Harry .... my first ship deep sea was on the Maihar... she set a high standard to follow... her automation allowed her to be a very sociable ship as all the engineers were on day work..... I did two trips into Calcutta on her and recall sitting in the Hooghly off garden reach and of how humbling the life there was.... we were young then and drank to excess more so in calcutta as we were told to avoid drinking the water... this was our excuse to drink more


----------



## MTraynor (May 15, 2020)

Hello Gents,
I sailed on Maihar as Mate between March and September 1975. Master was Sam Baxter. She had been let run down a bit by the time I got on her, with hydraulic leaks from the tween deck hatch machinery and unreliable hatch covers the bane of my life. All the cargo gear was under maintained, and she needed a lot of rejuvenation on deck. Being an Aussie, I had no problems increasing the crews overtime to get some work done, and I upset the Marine Super by painting the two anchors Brocklebank blue to match the hull stripe. I thought she looked quite smart when we hit the English coast. However after an incident in Madras where a pipe slipped from a sling during discharge and punching a hole in the tank top of No3 hold resulting in flooding from fuel oil, I had had enough and asked to be relieved, returning to Australia. But I have fond memories of my 3 years with the "poms" at Cunard Brocklebank.


----------



## johngr1949 (Jul 8, 2008)

Interesting account of the state the Maihar was in and the troubles you had..... I think it all started when Cunard Brocklebank changed their crewing philosophy.
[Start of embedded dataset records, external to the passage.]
lemma connected_graph_reachable_class:
  fixes E :: "('a \<times> 'a) set" and x :: 'a
  assumes "sym E"
  defines "C \<equiv> {v. reachable E x v}"
  shows "connected_graph C (E \<inter> C \<times> C)"
proof (rule connected_graphI_center)
  show "sym (E \<inter> C \<times> C)"
    using assms(1) unfolding sym_def by blast
  show "x \<in> C"
    unfolding C_def by (simp add: reachable_refl)
  fix v assume "v \<in> C"
  then obtain ws where ws: "is_walk E ws" "hd ws = x" "last ws = v"
    unfolding C_def reachable_def by blast
  have "set ws \<subseteq> C"
  proof
    fix z assume "z \<in> set ws"
    then obtain j where j: "j < length ws" "ws ! j = z"
      by (auto simp: in_set_conv_nth)
    have "reachable E x z"
      unfolding reachable_def using is_walk_take[OF ws(1) j(1)] ws(2) j(2)
      by (intro exI[of _ "take (Suc j) ws"]) simp
    then show "z \<in> C"
      unfolding C_def by simp
  qed
  then have "reachable (E \<inter> C \<times> C) x v"
    unfolding reachable_def using is_walk_restrict[OF ws(1)] ws(2,3) by blast
  then show "reachable (E \<inter> C \<times> C) v x"
    by (rule reachable_sym[OF \<open>sym (E \<inter> C \<times> C)\<close>])
qed

definition chain_in :: "('a \<Rightarrow> 'a \<Rightarrow> bool) \<Rightarrow> 'a set \<Rightarrow> 'a \<Rightarrow> 'a \<Rightarrow> bool" where
  "chain_in R A x y \<longleftrightarrow>
     (\<exists>zs. zs \<noteq> [] \<and> hd zs = x \<and> last zs = y \<and> set zs \<subseteq> A \<and> successively R zs)"

lemma k_connected_iff_chain_in:
  "k_connected E k X \<longleftrightarrow> (\<forall>x\<in>X. \<forall>y\<in>X. chain_in (\<lambda>u v. gdist E u v \<le> k) X x y)"
  unfolding k_connected_def chain_in_def by blast

lemma chain_in_ends: "chain_in R A x y \<Longrightarrow> x \<in> A \<and> y \<in> A"
  unfolding chain_in_def by (metis hd_in_set last_in_set subsetD)

lemma chain_in_refl: "x \<in> A \<Longrightarrow> chain_in R A x x"
  unfolding chain_in_def by (rule exI[of _ "[x]"]) simp

lemma chain_in_trans:
  assumes "chain_in R A x y" "chain_in R A y z"
  shows "chain_in R A x z"
proof -
  obtain xs where xs: "xs \<noteq> []" "hd xs = x" "last xs = y" "set xs \<subseteq> A" "successively R xs"
    using assms(1) unfolding chain_in_def by auto
  obtain ys where ys: "ys \<noteq> []" "hd ys = y" "last ys = z" "set ys \<subseteq> A" "successively R ys"
    using assms(2) unfolding chain_in_def by auto
  then obtain ys' where "ys = y # ys'"
    by (cases ys) auto
  with xs ys show ?thesis
    unfolding chain_in_def
    by (intro exI[of _ "xs @ ys'"]) (auto simp: successively_append_iff successively_Cons last_append)
qed

lemma chain_in_sym:
  assumes "chain_in R A x y" "\<And>u v. u \<in> A \<Longrightarrow> v \<in> A \<Longrightarrow> R u v \<Longrightarrow> R v u"
  shows "chain_in R A y x"
proof -
  obtain xs where xs: "xs \<noteq> []" "hd xs = x" "last xs = y" "set xs \<subseteq> A" "successively R xs"
    using assms(1) unfolding chain_in_def by auto
  have "successively (\<lambda>x y. R y x) xs"
    by (rule successively_mono[OF xs(5)]) (use xs(4) assms(2) in blast)
  with xs show ?thesis
    unfolding chain_in_def by (intro exI[of _ "rev xs"]) (auto simp: hd_rev last_rev)
qed

lemma chain_in_mono: "chain_in R A x y \<Longrightarrow> A \<subseteq> A' \<Longrightarrow> chain_in R A' x y"
  unfolding chain_in_def by blast

lemma chain_in_through_reached:
  assumes "chain_in R A x y"
  shows "chain_in R {z. chain_in R A x z} x y"
proof -
  obtain zs where zs: "zs \<noteq> []" "hd zs = x" "last zs = y" "set zs \<subseteq> A" "successively R zs"
    using assms unfolding chain_in_def by auto
  have "chain_in R A x z" if "z \<in> set zs" for z
  proof -
    obtain i where i: "i < length zs" "zs ! i = z"
      using \<open>z \<in> set zs\<close> by (auto simp: in_set_conv_nth)
    have "successively R (take (Suc i) zs)"
      using zs(5) unfolding successively_conv_nth by auto
    moreover have "set (take (Suc i) zs) \<subseteq> A"
      using zs(4) set_take_subset by fast
    moreover have "hd (take (Suc i) zs) = x"
      using zs(1,2) by simp
    moreover have "last (take (Suc i) zs) = z"
      using i by (simp add: take_Suc_conv_app_nth)
    ultimately show ?thesis
      unfolding chain_in_def using zs(1) by (intro exI[of _ "take (Suc i) zs"]) auto
  qed
  with zs show ?thesis
    unfolding chain_in_def by (intro exI[of _ zs]) auto
qed

lemma successively_stays_in:
  assumes "successively R zs" "zs \<noteq> []" "hd zs \<in> A"
    and "\<And>u v. u \<in> set zs \<Longrightarrow> v \<in> set zs \<Longrightarrow> R u v \<Longrightarrow> u \<in> A \<Longrightarrow> v \<in> A"
  shows "set zs \<subseteq> A"
  using assms
proof (induction zs rule: induct_list012)
  case (3 x y zs)
  have "y \<in> A"
    using "3.prems"(1,3) "3.prems"(4)[of x y] by simp
  with "3.prems" have "set (y # zs) \<subseteq> A"
    by (intro "3.IH"(2)) auto
  with "3.prems"(3) show ?case
    by simp
qed auto

lemma discrete_intermediate_value:
  fixes F :: "'a \<Rightarrow> nat"
  assumes "successively (\<lambda>u v. F v \<le> F u + M) zs" "zs \<noteq> []"
    and "F (hd zs) \<le> t" "t \<le> F (last zs)" "0 < M"
  shows "\<exists>z\<in>set zs. t \<le> F z \<and> F z < t + M"
  using assms
proof (induction zs rule: induct_list012)
  case (3 x y zs)
  show ?case
  proof (cases "t \<le> F y")
    case True
    with "3.prems" show ?thesis
      by (cases "t \<le> F x") auto
  next
    case False
    with "3.prems" "3.IH"(2) show ?thesis
      by auto
  qed
qed auto

lemma pigeonhole_common_witness:
  assumes "finite S" "card S < card K" "\<And>k. k \<in> K \<Longrightarrow> \<exists>s\<in>S. P k s"
  obtains k l s where "k \<in> K" "l \<in> K" "k \<noteq> l" "s \<in> S" "P k s" "P l s"
proof -
  obtain h where h: "\<And>k. k \<in> K \<Longrightarrow> h k \<in> S \<and> P k (h k)"
    using assms(3) by metis
  then have "card (h ` K) \<le> card S"
    by (intro card_mono[OF assms(1)]) blast
  with assms(2) have "\<not> inj_on h K"
    by (intro pigeonhole) simp
  then obtain k l where "k \<in> K" "l \<in> K" "k \<noteq> l" "h k = h l"
    unfolding inj_on_def by blast
  with h that show ?thesis
    by metis
qed

lemma mem_layer_index:
  assumes "x \<in> V" "1 \<le> M"
  shows "x \<in> layer V E x0 M ((int (gdist E x x0) - 1) div int M)"
proof -
  define l where "l = int (gdist E x x0) - 1"
  define N where "N = l div int M"
  have "N * int M + l mod int M = l" "0 \<le> l mod int M" "l mod int M < int M"
    using assms(2) unfolding N_def by simp_all
  then have "N * int M < l + 1" "l + 1 \<le> (N + 1) * int M"
    by (simp_all add: algebra_simps)
  then show ?thesis
    using assms(1) unfolding layer_def l_def N_def by simp
qed

lemma layer_index_unique:
  assumes "x \<in> layer V E x0 M N" "x \<in> layer V E x0 M N'"
  shows "N = N'"
proof (rule ccontr)
  assume "N \<noteq> N'"
  then have "N + 1 \<le> N' \<or> N' + 1 \<le> N"
    by auto
  then have "(N + 1) * int M \<le> N' * int M \<or> (N' + 1) * int M \<le> N * int M"
    by (auto intro: mult_right_mono)
  with assms show False
    unfolding layer_def by auto
qed

lemma layer_subset: "layer V E x0 M N \<subseteq> V"
  unfolding layer_def by blast

lemma is_blockE:
  assumes "is_block V E x0 M k B"
  obtains N where "B \<noteq> {}" "B \<subseteq> layer V E x0 M N" "k_connected E k B"
    "\<And>C. B \<subseteq> C \<Longrightarrow> C \<subseteq> layer V E x0 M N \<Longrightarrow> k_connected E k C \<Longrightarrow> C = B"
  using assms unfolding is_block_def by (elim exE conjE) (metis that)

locale graph_metric =
  fixes V :: "'a set" and E :: "('a \<times> 'a) set"
  assumes graph: "graph V E"
begin

lemma sym_E: "sym E"
  using graph unfolding graph_def by blast

lemma edge_in_V: "(u, v) \<in> E \<Longrightarrow> u \<in> V \<and> v \<in> V"
  using graph unfolding graph_def by blast

lemma reachable_in_V: "x \<in> V \<Longrightarrow> y \<in> V \<Longrightarrow> reachable E x y"
  using graph unfolding graph_def connected_graph_def reachable_def by blast

lemma gdist_sym_V: "x \<in> V \<Longrightarrow> y \<in> V \<Longrightarrow> gdist E x y = gdist E y x"
  by (rule gdist_commute[OF sym_E reachable_in_V])

lemma gdist_triangle_V:
  "x \<in> V \<Longrightarrow> y \<in> V \<Longrightarrow> z \<in> V \<Longrightarrow> gdist E x z \<le> gdist E x y + gdist E y z"
  by (rule gdist_triangle[OF reachable_in_V reachable_in_V])

lemma walk_in_V: "is_walk E ws \<Longrightarrow> hd ws \<in> V \<Longrightarrow> set ws \<subseteq> V"
  using is_walk_restrict_set[of E V ws] graph unfolding graph_def by (simp add: Int_absorb2)

lemma shortest_walk_in_V:
  assumes "x \<in> V" "y \<in> V"
  obtains ws where "is_walk E ws" "hd ws = x" "last ws = y" "length ws = Suc (gdist E x y)"
    "set ws \<subseteq> V"
  using shortest_walk_exists[OF reachable_in_V[OF assms]] walk_in_V assms(1) by metis
lemma chain_path_snoc:
  "chain_path Z (zs @ [z]) = chain_path Z zs @ [(chain_end Z (length zs), z, Z (length zs), True)]"
  by (simp add: chain_path_def chain_end_def nth_append)

lemma chain_path_tight:
  assumes "\<And>i. i < length zs \<Longrightarrow> (chain_end Z i, zs ! i, Z i) \<in> E"
  shows "is_path E VA (chain_path Z zs) (chain_end Z (length zs))
    \<and> path_len n (chain_path Z zs) = height n zs (length zs)"
  using assms
proof (induction zs rule: rev_induct)
  case Nil
  then show ?case by (simp add: chain_path_def chain_end_def path_len_def)
next
  case (snoc z zs)
  have edge: "(chain_end Z (length zs), z, Z (length zs)) \<in> E"
    using snoc.prems[of "length zs"] by simp
  have "(chain_end Z i, zs ! i, Z i) \<in> E" if "i < length zs" for i
    using snoc.prems[of i] that by (simp add: nth_append)
  then have path: "is_path E VA (chain_path Z zs) (chain_end Z (length zs))"
    and len: "path_len n (chain_path Z zs) = height n zs (length zs)"
    using snoc.IH by blast+
  have "height n (zs @ [z]) (length zs) = height n zs (length zs)"
    by (rule height_cong) (simp add: nth_append)
  then have "path_len n (chain_path Z (zs @ [z])) = height n (zs @ [z]) (length (zs @ [z]))"
    using len by (simp add: chain_path_snoc fun_eq_iff height_Suc path_len_def)
  moreover have "is_path E VA (chain_path Z (zs @ [z])) (chain_end Z (length (zs @ [z])))"
    using is_path_snoc[OF path edge] by (simp add: chain_path_snoc chain_end_def)
  ultimately show ?case by blast
qed

lemma chain_prefix_tight:
  assumes edges: "\<And>i. i < length zs \<Longrightarrow> (chain_end Z i, zs ! i, Z i) \<in> E" and "m \<le> length zs"
  shows "is_path E VA (chain_path Z (take m zs)) (chain_end Z m)
    \<and> path_len n (chain_path Z (take m zs)) = height n zs m"
proof -
  have "(chain_end Z i, take m zs ! i, Z i) \<in> E" if "i < length (take m zs)" for i
    using edges[of i] that by simp
  moreover have "height n (take m zs) m = height n zs m"
    by (rule height_cong) simp
  ultimately show ?thesis
    using chain_path_tight[of "take m zs" Z E n] \<open>m \<le> length zs\<close> by (simp add: min_absorb2)
qed

(* Two label sequences x_1 < y_1 < x_2 < y_2 < ... in {1..n-1}, the first one
   starting.  This is the hypothesis r_1 < l_1 < r_2 < ... of the theorem (or its mirror). *)
locale interlaced =
  fixes n :: nat and xs ys :: "nat list"
  assumes labels_range: "set xs \<union> set ys \<subseteq> {1..<n}"
    and length_ys: "length ys \<le> length xs" "length xs \<le> Suc (length ys)"
    and x_lt_y: "\<And>i. i < length ys \<Longrightarrow> xs ! i < ys ! i"
    and y_lt_x: "\<And>i. Suc i < length xs \<Longrightarrow> ys ! i < xs ! Suc i"
begin

lemma xs_range: "i < length xs \<Longrightarrow> 0 < xs ! i \<and> xs ! i < n"
  using labels_range nth_mem[of i xs] by fastforce

lemma ys_range: "i < length ys \<Longrightarrow> 0 < ys ! i \<and> ys ! i < n"
  using labels_range nth_mem[of i ys] by fastforce

lemma f_bounds:
  "(i < length xs \<longrightarrow> 0 < fX xs ys i \<and> fX xs ys i \<le> int (xs ! i))
   \<and> (i < length ys \<longrightarrow> 0 < fY xs ys i \<and> fY xs ys i < int (ys ! i))"
proof (induction i)
  case 0
  have "0 < length xs \<Longrightarrow> 0 < xs ! 0" using xs_range by blast
  moreover have "0 < length ys \<Longrightarrow> xs ! 0 < ys ! 0" using x_lt_y by blast
  ultimately show ?case using length_ys(1) by (fastforce simp: fY_def)
next
  case (Suc i)
  have fX: "0 < fX xs ys (Suc i) \<and> fX xs ys (Suc i) \<le> int (xs ! Suc i)" if "Suc i < length xs"
  proof -
    have "i < length ys" using that length_ys(2) by simp
    then show ?thesis using Suc.IH y_lt_x[OF that] by (simp add: fY_def[symmetric])
  qed
  moreover have "0 < fY xs ys (Suc i) \<and> fY xs ys (Suc i) < int (ys ! Suc i)" if "Suc i < length ys"
    using fX x_lt_y[OF that] that length_ys(1) by (simp add: fY_def)
  ultimately show ?case by blast
qed

lemma fX_bounds: "i < length xs \<Longrightarrow> 0 < fX xs ys i \<and> fX xs ys i \<le> int (xs ! i)"
  using f_bounds by blast

lemma fY_bounds: "i < length ys \<Longrightarrow> 0 < fY xs ys i \<and> fY xs ys i < int (ys ! i)"
  using f_bounds by blast

(* The two halves of the recursion, via indicator_step_complement: crossing
   X_i -> Y_i and Y_i -> X_(i+1) changes the potential by an indicator of size f(y_i)
   resp. f(x_(i+1)). *)
lemma y_step_from_x_step:
  assumes i: "i < length ys"
    and "indicator_step (xs ! i) (nat (fX xs ys i)) (height n ys i) (height n xs (Suc i))"
  shows "indicator_step (ys ! i) (nat (fY xs ys i)) (height n xs (Suc i)) (height n ys (Suc i))"
proof -
  have "indicator_step (ys ! i) (ys ! i - nat (fX xs ys i)) (height n xs (Suc i)) (height n ys (Suc i))"
    using assms(2) less_imp_le[OF x_lt_y[OF i]] ys_range[OF i]
    by (intro indicator_step_complement[where n=n]) (simp_all add: height_Suc[of n ys i])
  moreover have "ys ! i - nat (fX xs ys i) = nat (fY xs ys i)"
    using fX_bounds[of i] x_lt_y[OF i] i length_ys(1) by (simp add: fY_def, arith)
  ultimately show ?thesis by simp
qed

lemma x_step_from_y_step:
  assumes i: "Suc i < length xs"
    and "indicator_step (ys ! i) (nat (fY xs ys i)) (height n xs (Suc i)) (height n ys (Suc i))"
  shows "indicator_step (xs ! Suc i) (nat (fX xs ys (Suc i))) (height n ys (Suc i)) (height n xs (Suc (Suc i)))"
proof -
  have i': "i < length ys" using i length_ys(2) by simp
  have "indicator_step (xs ! Suc i) (xs ! Suc i - nat (fY xs ys i)) (height n ys (Suc i)) (height n xs (Suc (Suc i)))"
    using assms(2) less_imp_le[OF y_lt_x[OF i]] xs_range[OF i]
    by (intro indicator_step_complement[where n=n]) (simp_all add: height_Suc[of n xs "Suc i"])
  moreover have "xs ! Suc i - nat (fY xs ys i) = nat (fX xs ys (Suc i))"
    using fY_bounds[OF i'] y_lt_x[OF i] by (simp add: fY_def, arith)
  ultimately show ?thesis by simp
qed

lemma potential_steps:
  "(i < length xs \<longrightarrow> indicator_step (xs ! i) (nat (fX xs ys i)) (height n ys i) (height n xs (Suc i)))
   \<and> (i < length ys \<longrightarrow> indicator_step (ys ! i) (nat (fY xs ys i)) (height n xs (Suc i)) (height n ys (Suc i)))"
proof (induction i)
  case 0
  have "indicator_step (xs ! 0) (nat (fX xs ys 0)) (height n ys 0) (height n xs (Suc 0))"
    if "0 < length xs"
    using xs_range[OF that] indicator_step_omega[of "xs ! 0" n "height n xs (Suc 0)" "height n ys 0"]
    by (simp add: height_Suc)
  moreover have "0 < length ys \<Longrightarrow> 0 < length xs" using length_ys(1) by linarith
  ultimately show ?case using y_step_from_x_step[of 0] by blast
next
  case (Suc i)
  moreover have "Suc i < length xs \<Longrightarrow> i < length ys" "Suc i < length ys \<Longrightarrow> Suc i < length xs"
    using length_ys by linarith+
  ultimately show ?case using x_step_from_y_step[of i] y_step_from_x_step[of "Suc i"] by blast
qed

end

lemma height_step:
  assumes "i < length zs" and "zs ! i < n"
  shows "indicator_step n (zs ! i) (height n zs i) (height n zs (Suc i))"
  using assms indicator_step_omega[of "zs ! i" n "height n zs (Suc i)" "height n zs i"]
  by (auto simp: height_Suc intro: indicator_step_mono)

lemma dgraph_edge_cases:
  assumes "(u, a, v) \<in> dgraph X Y xs ys"
  obtains (chain_X) i where "i < length xs" "u = chain_end X i" "a = xs ! i" "v = X i"
    | (chain_Y) i where "i < length ys" "u = chain_end Y i" "a = ys ! i" "v = Y i"
    | (cross_XY) i where "i < length ys" "u = X i" "a = nat (fY xs ys i)" "v = Y i"
    | (cross_YX) i where "Suc i < length xs" "u = Y i" "a = nat (fX xs ys (Suc i))" "v = X (Suc i)"
proof -
  from assms consider
      "0 < length xs" "(u, a, v) = (VA, xs ! 0, X 0)"
    | i where "Suc i < length xs" "(u, a, v) = (X i, xs ! Suc i, X (Suc i))"
    | "0 < length ys" "(u, a, v) = (VA, ys ! 0, Y 0)"
    | i where "Suc i < length ys" "(u, a, v) = (Y i, ys ! Suc i, Y (Suc i))"
    | i where "i < length ys" "(u, a, v) = (X i, nat (fY xs ys i), Y i)"
    | i where "Suc i < length xs" "(u, a, v) = (Y i, nat (fX xs ys (Suc i)), X (Suc i))"
    unfolding dgraph_def by blast
  then show thesis
    by cases (use chain_X[of 0] chain_X chain_Y[of 0] chain_Y cross_XY cross_YX in
        \<open>auto simp: chain_end_def\<close>)
qed

lemma dgraph_chain_edges:
  "i < length xs \<Longrightarrow> (chain_end X i, xs ! i, X i) \<in> dgraph X Y xs ys"
  "i < length ys \<Longrightarrow> (chain_end Y i, ys ! i, Y i) \<in> dgraph X Y xs ys"
  unfolding dgraph_def chain_end_def by (cases i; auto)+

lemma chain_prefix_geodesic:
  assumes pot: "unit_potential n E h"
    and edges: "\<And>i. i < length zs \<Longrightarrow> (chain_end Z i, zs ! i, Z i) \<in> E"
    and h_end: "\<And>m. h (chain_end Z m) = height n zs m" and "m \<le> length zs"
  shows "geodesic n E VA (chain_end Z m) (chain_path Z (take m zs)) \<and> coherent n E VA (chain_end Z m)"
proof -
  have "h VA = (\<lambda>_. 0)" using h_end[of 0] by (simp add: chain_end_def)
  then have "path_len n (chain_path Z (take m zs)) k = h (chain_end Z m) k - h VA k" for k
    using chain_prefix_tight[OF edges \<open>m \<le> length zs\<close>] h_end by simp
  with chain_prefix_tight[OF edges \<open>m \<le> length zs\<close>] show ?thesis
    using potential_path_geodesic[OF pot] potential_path_coherent[OF pot] by blast
qed

locale interlaced_graph = interlaced +
  fixes X Y :: "nat \<Rightarrow> vert" and h :: "vert \<Rightarrow> nat \<Rightarrow> int"
  assumes h_A: "h VA = (\<lambda>_. 0)"
    and h_X: "\<And>i. h (X i) = height n xs (Suc i)"
    and h_Y: "\<And>i. h (Y i) = height n ys (Suc i)"
begin

lemma h_chain_end: "h (chain_end X m) = height n xs m" "h (chain_end Y m) = height n ys m"
  by (cases m; simp add: chain_end_def h_A h_X h_Y)+

lemma dgraph_unit_potential: "unit_potential n (dgraph X Y xs ys) h"
  unfolding unit_potential_def
proof (clarify)
  fix u a v assume "(u, a, v) \<in> dgraph X Y xs ys"
  then show "0 < a \<and> a < n \<and> indicator_step n a (h u) (h v)"
  proof (cases rule: dgraph_edge_cases)
    case (chain_X i)
    then show ?thesis using xs_range[of i] height_step[of i xs n] by (simp add: h_chain_end h_X)
  next
    case (chain_Y i)
    then show ?thesis using ys_range[of i] height_step[of i ys n] by (simp add: h_chain_end h_Y)
  next
    case (cross_XY i)
    then show ?thesis
      using fY_bounds[of i] ys_range[of i] potential_steps[of i]
      by (auto simp: h_X h_Y intro: indicator_step_mono)
  next
    case (cross_YX i)
    then show ?thesis
      using fX_bounds[of "Suc i"] xs_range[of "Suc i"] potential_steps[of "Suc i"]
      by (auto simp: h_X h_Y intro: indicator_step_mono)
  qed
qed

lemma interlaced_graph_geodesics:
  "let p = length xs; q = length ys; E = dgraph X Y xs ys in
      geodesic n E VA (chain_end X p) (chain_path X xs) \<and>
      weq n (path_len n (chain_path X xs)) (\<lambda>i. \<Sum>j<p. omega n (xs ! j) i) \<and>
      geodesic n E VA (chain_end Y q) (chain_path Y ys) \<and>
      weq n (path_len n (chain_path Y ys)) (\<lambda>i. \<Sum>j<q. omega n (ys ! j) i) \<and>
      (\<forall>v \<in> {VA} \<union> X ` {..<p} \<union> Y ` {..<q}. coherent n E VA v)"
proof -
  let ?E = "dgraph X Y xs ys"
  note X_chain = chain_prefix_geodesic[OF dgraph_unit_potential dgraph_chain_edges(1) h_chain_end(1)]
  note Y_chain = chain_prefix_geodesic[OF dgraph_unit_potential dgraph_chain_edges(2) h_chain_end(2)]
  have lengths: "path_len n (chain_path X xs) = height n xs (length xs)"
    "path_len n (chain_path Y ys) = height n ys (length ys)"
    using chain_prefix_tight[OF dgraph_chain_edges(1), of xs "length xs"]
      chain_prefix_tight[OF dgraph_chain_edges(2), of ys "length ys"] by simp_all
  have "coherent n ?E VA v" if "v \<in> {VA} \<union> X ` {..<length xs} \<union> Y ` {..<length ys}" for v
  proof -
    from that consider "v = chain_end X 0" | i where "i < length xs" "v = chain_end X (Suc i)"
      | i where "i < length ys" "v = chain_end Y (Suc i)"
      by (auto simp: chain_end_def)
    then show ?thesis using X_chain Y_chain by cases auto
  qed
  moreover have "weq n \<mu> \<mu>" for \<mu> by (simp add: weq_def)
  ultimately show ?thesis
    using X_chain[of "length xs"] Y_chain[of "length ys"] unfolding Let_def lengths
    by (simp add: height_def)
qed

end

lemma sorted_list_of_subset:
  assumes "finite A" and "B \<subseteq> A"
  shows "sorted_list_of_set B = filter (\<lambda>x. x \<in> B) (sorted_list_of_set A)"
proof (rule strict_sorted_equal)
  show "sorted_wrt (<) (filter (\<lambda>x. x \<in> B) (sorted_list_of_set A))"
    by (simp add: sorted_wrt_filter)
  show "set (sorted_list_of_set B) = set (filter (\<lambda>x. x \<in> B) (sorted_list_of_set A))"
    using assms finite_subset[OF assms(2,1)] by auto
qed simp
When I was on her they had three crews of "regulars" rotating between the two sister ships Maihar and Masud, doing this gave a greater chance for work being done was done properly as if it wasn't it would come back to bight you in the ass at a later date and you'd be held accountable by the other crew.... crewing abandoned the system and started just assigning people, a warm body in some cases, who didn't care about what they did as they knew they wouldn't come back and have to fix their problems and screw-ups.... that and the reduction of maintenance budgets to match the general decline of the Cunard brand contributed to the ships decline. Sorry you had such a rough time.


----------



## japottinger (Jun 16, 2004)

I did two trips on SS Maihar as 4th eng. off joined her at Glasgow in May 23 1957voyage 94 when she was completing a more or less rebuilt, 4 new boilers, pumps, engine out and rebuilt, new accommodation etce etc and piece de resistance a proper built in swimming pool aft of the funnel. Capt "crikey" Morris CH Eng Russell Gordon, 2nd Jack Evans 5th Bob Stoddard 1RO Cliff Watson, 2nd RO Rom McMurtrie, CH Std. Jim Sunners, same crowd next trip except Jack Evans was Ch. Eng. Finally paid off 2 Dec 1957. Great ship




  








Maihar my painting.




__
japottinger


__
May 19, 2020


__
4



My favourite ship, did two trips as 4th Eng. Off, ran like sewing machine.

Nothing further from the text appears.